• WHAT IS BEING ASKED
Using the records that follow, copy every line containing the word "otimes".

• ENTRIES SHOWN
(* Let $\langle S,L,\tau,\ell\rangle$ be a labelled Markov chain. For every robust bisimulation $R\subseteq S\times S$ we have $R\subseteq\,\simeq$. (Together with the fact that $\simeq$ is a robust bisimulation, $\simeq$ is the greatest robust bisimulation.)
   Context: Labelled Markov chain $\langle S,L,\tau,\ell\rangle$: finite $S$, finite $L$, $\tau:S\to\mathcal{D}(S)$, $\ell:S\to L$, $|\ell(S)|\ge 2$. $\Omega(\mu,\nu)$ = couplings (distributions on $S\times S$ with marginals $\mu,\nu$). A (probabilistic) bisimulation is an equivalence relation $R\subseteq S\times S$ such that for all $(s,t)\in R$, $\ell(s)=\ell(t)$ and some $\omega\in\Omega(\tau(s),\tau(t))$ has $\mathrm{support}(\omega)\subseteq R$. $S^2_\Delta=\{(s,s)\}$, $S^2_1=\{(s,t)\mid\ell(s)\ne\ell(t)\}$. A policy is $P:S\times S\to\mathcal{D}(S\times S)$ with $P(s,t)\in\Omega(\tau(s),\tau(t))$ for $(s,t)\notin S^2_1$ and $P(s,t)$ the point mass at $(s,t)$ for $(s,t)\in S^2_1$; $\mathcal{P}$ is the set of policies; $P$ induces the Markov chain $\langle S\times S,P\rangle$. Robust bisimilarity: $s\simeq t$ iff some $P\in\mathcal{P}$ makes $(s,t)$ reach $S^2_\Delta$ with probability $1$ in $\langle S\times S,P\rangle$. For a policy $P$, a set $R$ supports a path $(u_1,v_1)\dots(u_n,v_n)$ of $\langle S\times S,P\rangle$ if $(u_i,v_i)\in R$ and $\mathrm{support}(P(u_i,v_i))\subseteq R$ for all $i$. A robust bisimulation is a bisimulation $R$ such that for every $(s,t)\in R$ there is $P\in\mathcal{P}$ such that $R$ supports a path from $(s,t)$ to $S^2_\Delta$ in $\langle S\times S,P\rangle$. *)

theory Defs
  imports "HOL-Probability.Probability"
begin
lemma word_eval_edge_labels:
  "cay_path G Z vs \<Longrightarrow> hd vs \<otimes> word_eval G (edge_labels G vs) = last vs"
proof (induct vs rule: induct_list012)
  case (3 v u vs)
  have tail: "cay_path G Z (u # vs)" and vc: "v \<in> carrier G"
    using 3(3) by (auto simp: cay_path_Cons_Cons)
  have uc: "u \<in> carrier G" and lc: "set (edge_labels G (u # vs)) \<subseteq> carrier G"
    using tail edge_labels_in_gens[OF tail] gens_closed by (auto simp: cay_path_def)
  have "v \<otimes> word_eval G (edge_labels G (v # u # vs)) = u \<otimes> word_eval G (edge_labels G (u # vs))"
    using vc uc lc by (simp add: m_assoc [symmetric])
  then show ?case using 3(2)[OF tail] by simp
qed (auto simp: cay_path_def)

lemma line_integral_edge_labels:
  "cay_path G Z vs \<Longrightarrow>
   line_integral G g h (hd vs) (edge_labels G vs) =
     (\<Sum>i < path_len vs. trapezoid g h (vs ! i) (vs ! Suc i))"
proof (induct vs rule: induct_list012)
  case (3 v u vs)
  have tail: "cay_path G Z (u # vs)" and vc: "v \<in> carrier G" and uc: "u \<in> carrier G"
    using 3(3) by (auto simp: cay_path_Cons_Cons cay_path_def)
  have "line_integral G g h v (edge_labels G (v # u # vs)) =
      trapezoid g h v u + line_integral G g h u (edge_labels G (u # vs))"
    using vc uc by (simp add: m_assoc [symmetric])
  then show ?case
    using 3(2)[OF tail] by (simp add: path_len_def sum.lessThan_Suc_shift del: sum.lessThan_Suc)
qed (auto simp: path_len_def)

end

locale linear_isoperimetric_presentation = cayley_graph +
  fixes S :: "'a list set" and M :: nat and L :: real
  assumes relators: "\<forall>s\<in>S. set s \<subseteq> Z \<and> word_eval G s = \<one>"
    and relator_length: "\<forall>s\<in>S. length s \<le> M"
    and isoperimetric: "linear_isoperimetric G Z S L"
begin

lemma line_integral_relator_product:
  assumes lip: "cayley_lipschitz G Z g" "cayley_lipschitz G Z h"
    and fs: "\<forall>(u, r, e) \<in> set fs. set u \<subseteq> Z \<and> r \<in> S" and x: "x \<in> carrier G"
  shows "\<bar>line_integral G g h x (concat (map (conj_factor G) fs))\<bar> \<le> real (length fs) * (real M)\<^sup>2"
  using fs
proof (induct fs)
  case (Cons f fs)
  obtain u r e where f: "f = (u, r, e)" by (cases f)
  have u: "set u \<subseteq> carrier G" and r: "set r \<subseteq> Z" "word_eval G r = \<one>" "length r \<le> M"
    using Cons.prems f relators relator_length gens_closed by auto
  have rc: "set r \<subseteq> carrier G" using r(1) gens_closed by auto
  have "line_integral G g h x (conj_factor G f @ concat (map (conj_factor G) fs)) =
      line_integral G g h x (conj_factor G f) + line_integral G g h x (concat (map (conj_factor G) fs))"
    using line_integral_append[OF x conj_factor_closed[OF u rc]] word_eval_conj_factor[OF u rc r(2)] x f
    by simp
  moreover have "\<bar>line_integral G g h x (conj_factor G f)\<bar> \<le> (real M)\<^sup>2"
  proof -
    have "\<bar>line_integral G g h x (conj_factor G f)\<bar> = \<bar>line_integral G g h (x \<otimes> word_eval G u) r\<bar>"
      using line_integral_conj_factor[OF x u rc r(2)] f by (simp add: abs_mult)
    also have "\<dots> \<le> (real (length r))\<^sup>2"
      using line_integral_loop_le[OF lip gens_closed _ r(1,2)] x u by simp
    also have "\<dots> \<le> (real M)\<^sup>2" using r(3) by simp
    finally show ?thesis .
  qed
  ultimately show ?case using Cons by (simp add: algebra_simps)
qed simp

lemma line_integral_loop_isoperimetric:
  assumes lip: "cayley_lipschitz G Z g" "cayley_lipschitz G Z h"
    and "x \<in> carrier G" "set w \<subseteq> Z" "word_eval G w = \<one>"
  shows "\<bar>line_integral G g h x w\<bar> \<le> L * real (length w) * (real M)\<^sup>2"
proof -
  obtain fs where fs: "\<forall>(u, r, e) \<in> set fs. set u \<subseteq> Z \<and> r \<in> S"
    "real (length fs) \<le> L * real (length w)" "free_eq G Z w (concat (map (conj_factor G) fs))"
    using isoperimetric assms(4,5) unfolding linear_isoperimetric_def by blast
  have "line_integral G g h x w = line_integral G g h x (concat (map (conj_factor G) fs))"
    using line_integral_free_eq[OF fs(3) _ assms(3)] assms(4) gens_closed by auto
  also have "\<bar>\<dots>\<bar> \<le> real (length fs) * (real M)\<^sup>2"
    using line_integral_relator_product[OF lip fs(1) assms(3)] .
  also have "\<dots> \<le> L * real (length w) * (real M)\<^sup>2"
    using fs(2) by (simp add: mult_right_mono)
  finally show ?thesis .
qed

lemma line_integral_paths_diff:
  assumes lip: "cayley_lipschitz G Z g" "cayley_lipschitz G Z h"
    and p: "cay_path G Z p" and q: "cay_path G Z q" and ends: "hd q = hd p" "last q = last p"
  shows "\<bar>(\<Sum>i < path_len q. trapezoid g h (q ! i) (q ! Suc i))
            - (\<Sum>i < path_len p. trapezoid g h (p ! i) (p ! Suc i))\<bar>
         \<le> L * real (path_len q + path_len p) * (real M)\<^sup>2"
proof -
  define lp where "lp = edge_labels G p"
  define lq where "lq = edge_labels G q"
  define w where "w = lq @ inv_word G lp"
  have lpZ: "set lp \<subseteq> Z" and lqZ: "set lq \<subseteq> Z"
    using edge_labels_in_gens p q by (simp_all add: lp_def lq_def)
  then have lpc: "set lp \<subseteq> carrier G" and lqc: "set lq \<subseteq> carrier G" using gens_closed by auto
  have x: "hd p \<in> carrier G" using p by (auto simp: cay_path_def)
  have "hd p \<otimes> word_eval G lq = hd p \<otimes> word_eval G lp"
    using word_eval_edge_labels[OF p] word_eval_edge_labels[OF q] ends
    by (simp add: lp_def lq_def)
  then have ev: "word_eval G lq = word_eval G lp" using x lpc lqc by simp
  have "word_eval G w = \<one>"
    using ev lpc lqc inv_word_closed[OF lpc] by (simp add: w_def word_eval_append word_eval_inv_word)
  moreover have "set w \<subseteq> Z" using lpZ lqZ inv_word_in_gens by (simp add: w_def)
  ultimately have "\<bar>line_integral G g h (hd p) w\<bar> \<le> L * real (length w) * (real M)\<^sup>2"
    using line_integral_loop_isoperimetric[OF lip x] by blast
  moreover have "line_integral G g h (hd p) w =
      line_integral G g h (hd q) lq - line_integral G g h (hd p) lp"
    using line_integral_append[OF x lqc] line_integral_inv_word[OF x lpc] ev ends
    by (simp add: w_def)
  moreover have "length w = path_len q + path_len p" by (simp add: w_def lp_def lq_def path_len_def)
  ultimately show ?thesis
    using line_integral_edge_labels[OF p] line_integral_edge_labels[OF q]
    by (simp add: lp_def lq_def)
qed

lemma far_vertices_card_le:
  assumes p: "cay_geodesic G Z p" and q: "cay_path G Z q" and ends: "hd q = hd p" "last q = last p"
  shows "real (card {i. i < path_len p \<and> (\<forall>j < length q. r < cay_dist G Z (p ! i) (q ! j))})
           * real r \<le> 2 * L * real (path_len q + path_len p) * (real M)\<^sup>2"
proof -
  define F where "F = {i. i < path_len p \<and> (\<forall>j < length q. r < cay_dist G Z (p ! i) (q ! j))}"
  define g where "g x = min (real r) (Min ((\<lambda>y. real (cay_dist G Z x y)) ` set q))" for x
  define h where "h x = real (cay_dist G Z (hd p) x)" for x
  have pP: "cay_path G Z p" using p by (simp add: cay_geodesic_def)
  have qc: "set q \<subseteq> carrier G" "q \<noteq> []" and pc: "hd p \<in> carrier G"
    using pP q by (auto simp: cay_path_def)
  have lip_g: "cayley_lipschitz G Z g"
    unfolding g_def using qc cayley_lipschitz_cay_dist(1)
    by (intro cayley_lipschitz_min_const cayley_lipschitz_Min) auto
  have lip_h: "cayley_lipschitz G Z h"
    unfolding h_def using cayley_lipschitz_cay_dist(2)[OF pc] .
  have g_nonneg: "0 \<le> g x" for x
  proof -
    have "Min ((\<lambda>y. real (cay_dist G Z x y)) ` set q) \<in> (\<lambda>y. real (cay_dist G Z x y)) ` set q"
      using qc by (intro Min_in) auto
    then show ?thesis by (auto simp: g_def)
  qed
  have g_on_q: "g (q ! j) = 0" if "j < length q" for j
  proof -
    have "q ! j \<in> carrier G" using that qc(1) nth_mem by blast
    moreover have "Min ((\<lambda>y. real (cay_dist G Z (q ! j) y)) ` set q) \<le> real (cay_dist G Z (q ! j) (q ! j))"
      using that by (intro Min_le) auto
    ultimately have "g (q ! j) \<le> 0" by (simp add: g_def min_le_iff_disj)
    then show ?thesis using g_nonneg[of "q ! j"] by simp
  qed
  have g_far: "g (p ! i) = real r" if "i \<in> F" for i
  proof -
    have "Min ((\<lambda>y. real (cay_dist G Z (p ! i) y)) ` set q) \<in> (\<lambda>y. real (cay_dist G Z (p ! i) y)) ` set q"
      using qc by (intro Min_in) auto
    then show ?thesis using that by (auto simp: g_def F_def in_set_conv_nth)
  qed
  have "(\<Sum>i < path_len q. trapezoid g h (q ! i) (q ! Suc i)) = 0"
    by (intro sum.neutral) (auto simp: trapezoid_def path_len_def g_on_q)
  moreover have "(\<Sum>i < path_len p. trapezoid g h (p ! i) (p ! Suc i)) =
      (\<Sum>i < path_len p. (g (p ! i) + g (p ! Suc i)) / 2)"
    by (intro sum.cong refl) (auto simp: trapezoid_def h_def path_len_def cay_geodesic_dist_hd[OF p])
  ultimately have "(\<Sum>i < path_len p. (g (p ! i) + g (p ! Suc i)) / 2)
      \<le> L * real (path_len q + path_len p) * (real M)\<^sup>2"
    using line_integral_paths_diff[OF lip_g lip_h pP q ends] by simp
  moreover have "real (card F) * (real r / 2) \<le> (\<Sum>i < path_len p. (g (p ! i) + g (p ! Suc i)) / 2)"
  proof -
    have "real (card F) * (real r / 2) = (\<Sum>i\<in>F. real r / 2)" by simp
    also have "\<dots> \<le> (\<Sum>i\<in>F. (g (p ! i) + g (p ! Suc i)) / 2)"
      by (intro sum_mono) (simp add: g_far g_nonneg)
    also have "\<dots> \<le> (\<Sum>i < path_len p. (g (p ! i) + g (p ! Suc i)) / 2)"
      by (intro sum_mono2) (auto simp: F_def g_nonneg add_nonneg_nonneg)
    finally show ?thesis .
  qed
  ultimately show ?thesis by (simp add: F_def)
qed
(* Let $H\in(0,1)$ and let $B^H$ be a fractional Brownian motion on $[0,1]$ with Hurst index $H$. Fix $n\ge1$ and let $\gamma_n$ be the maximal absolute value of the entries of the vector $\boldsymbol\Sigma_n^{-1}\mathbf{B}^H_n$. Then for all $m\ge1$ and $1\le k\le 2^{n+m-1}$, $$|\mu_n(m,k)|\le \gamma_n\cdot(2^n+1)\cdot 2^{-2(n+m)H}.$$
   Context: A fractional Brownian motion with Hurst index $H$ is a centered Gaussian process with $B^H(0)=0$ and covariance $r(s,t)=\mathbb{E}[B^H(s)B^H(t)]=\tfrac12(|s|^{2H}+|t|^{2H}-|s-t|^{2H})$. $t^n_i=i/2^n$, $\mathbf{B}^H_n=(B^H(t^n_0),\dots,B^H(t^n_{2^n}))$, $\boldsymbol\Sigma_n$ is the covariance matrix of $\mathbf{B}^H_n$ (which is singular since $B^H(0)=0$; $\boldsymbol\Sigma_n^{-1}$ denotes its generalized inverse, as in the paper). $\boldsymbol\alpha_n(m,k)=(B^H(t^{n+m}_{2k-2}),B^H(t^{n+m}_{2k-1}),B^H(t^{n+m}_{2k}))^\top$, $\boldsymbol\beta=(1/2,-1,1/2)^\top$, $\mu_n(m,k)=\boldsymbol\beta^\top\mathbb{E}[\boldsymbol\alpha_n(m,k)\mid\mathbf{B}^H_n]=\boldsymbol\beta^\top\boldsymbol\Sigma^{(m,k)}_n\boldsymbol\Sigma_n^{-1}\mathbf{B}^H_n$, where $\boldsymbol\Sigma^{(m,k)}_n$ is the $3\times(2^n+1)$ cross-covariance matrix of $\boldsymbol\alpha_n(m,k)$ and $\mathbf{B}^H_n$. *)

theory Defs
  imports "HOL-Probability.Probability"
begin

definition fbm_cov :: "real \<Rightarrow> real \<Rightarrow> real \<Rightarrow> real" where
  "fbm_cov H s t = (\<bar>s\<bar> powr (2*H) + \<bar>t\<bar> powr (2*H) - \<bar>s - t\<bar> powr (2*H)) / 2"

text \<open>B is a fractional Brownian motion on [0,1] with Hurst index H on the probability
  space M: a centered Gaussian process (every finite linear combination of its values is
  either a.s. zero or centered normal with positive variance), with B(0) = 0 a.s. and
  covariance fbm_cov H.\<close>
definition is_fbm :: "'a measure \<Rightarrow> real \<Rightarrow> (real \<Rightarrow> 'a \<Rightarrow> real) \<Rightarrow> bool" where
  "is_fbm M H B \<longleftrightarrow>
     prob_space M \<and>
     (\<forall>t\<in>{0..1}. B t \<in> borel_measurable M) \<and>
     (AE \<omega> in M. B 0 \<omega> = 0) \<and>
     (\<forall>t\<in>{0..1}. integrable M (B t) \<and> integral\<^sup>L M (B t) = 0) \<and>
     (\<forall>s\<in>{0..1}. \<forall>t\<in>{0..1}. integrable M (\<lambda>\<omega>. B s \<omega> * B t \<omega>) \<and>
          integral\<^sup>L M (\<lambda>\<omega>. B s \<omega> * B t \<omega>) = fbm_cov H s t) \<and>
     (\<forall>(ts :: real list) (cs :: real list). set ts \<subseteq> {0..1} \<longrightarrow> length cs = length ts \<longrightarrow>
        (let X = (\<lambda>\<omega>. \<Sum>i<length ts. cs ! i * B (ts ! i) \<omega>) in
          (AE \<omega> in M. X \<omega> = 0) \<or>
          (\<exists>\<sigma>>0. distributed M lborel X (\<lambda>x. ennreal (normal_density 0 \<sigma> x)))))"

definition dyad :: "nat \<Rightarrow> nat \<Rightarrow> real" where
  "dyad n i = real i / 2 ^ n"

definition Sigma_n :: "real \<Rightarrow> nat \<Rightarrow> nat \<Rightarrow> nat \<Rightarrow> real" where
  "Sigma_n H n i j = fbm_cov H (dyad n i) (dyad n j)"

definition mat_mul :: "nat \<Rightarrow> (nat \<Rightarrow> nat \<Rightarrow> real) \<Rightarrow> (nat \<Rightarrow> nat \<Rightarrow> real) \<Rightarrow> nat \<Rightarrow> nat \<Rightarrow> real" where
  "mat_mul N A C i j = (\<Sum>l\<in>{0..N}. A i l * C l j)"

definition is_pinv :: "nat \<Rightarrow> (nat \<Rightarrow> nat \<Rightarrow> real) \<Rightarrow> (nat \<Rightarrow> nat \<Rightarrow> real) \<Rightarrow> bool" where
  "is_pinv N A G \<longleftrightarrow>
     (\<forall>i\<in>{0..N}. \<forall>j\<in>{0..N}.
        mat_mul N (mat_mul N A G) A i j = A i j \<and>
        mat_mul N (mat_mul N G A) G i j = G i j \<and>
        mat_mul N A G i j = mat_mul N A G j i \<and>
        mat_mul N G A i j = mat_mul N G A j i)"

definition SinvB :: "nat \<Rightarrow> (nat \<Rightarrow> nat \<Rightarrow> real) \<Rightarrow> (real \<Rightarrow> 'a \<Rightarrow> real) \<Rightarrow> 'a \<Rightarrow> nat \<Rightarrow> real" where
  "SinvB n G B \<omega> j = (\<Sum>l\<in>{0..2^n}. G j l * B (dyad n l) \<omega>)"

definition gamma_n :: "nat \<Rightarrow> (nat \<Rightarrow> nat \<Rightarrow> real) \<Rightarrow> (real \<Rightarrow> 'a \<Rightarrow> real) \<Rightarrow> 'a \<Rightarrow> real" where
  "gamma_n n G B \<omega> = Max ((\<lambda>j. \<bar>SinvB n G B \<omega> j\<bar>) ` {0..2^n})"

definition beta :: "nat \<Rightarrow> real" where
  "beta a = (if a = 1 then -1 else 1/2)"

• COMPLETED TASK
  "cay_path G Z vs \<Longrightarrow> hd vs \<otimes> word_eval G (edge_labels G vs) = last vs"
  have "v \<otimes> word_eval G (edge_labels G (v # u # vs)) = u \<otimes> word_eval G (edge_labels G (u # vs))"
    have "\<bar>line_integral G g h x (conj_factor G f)\<bar> = \<bar>line_integral G g h (x \<otimes> word_eval G u) r\<bar>"
  have "hd p \<otimes> word_eval G lq = hd p \<otimes> word_eval G lp"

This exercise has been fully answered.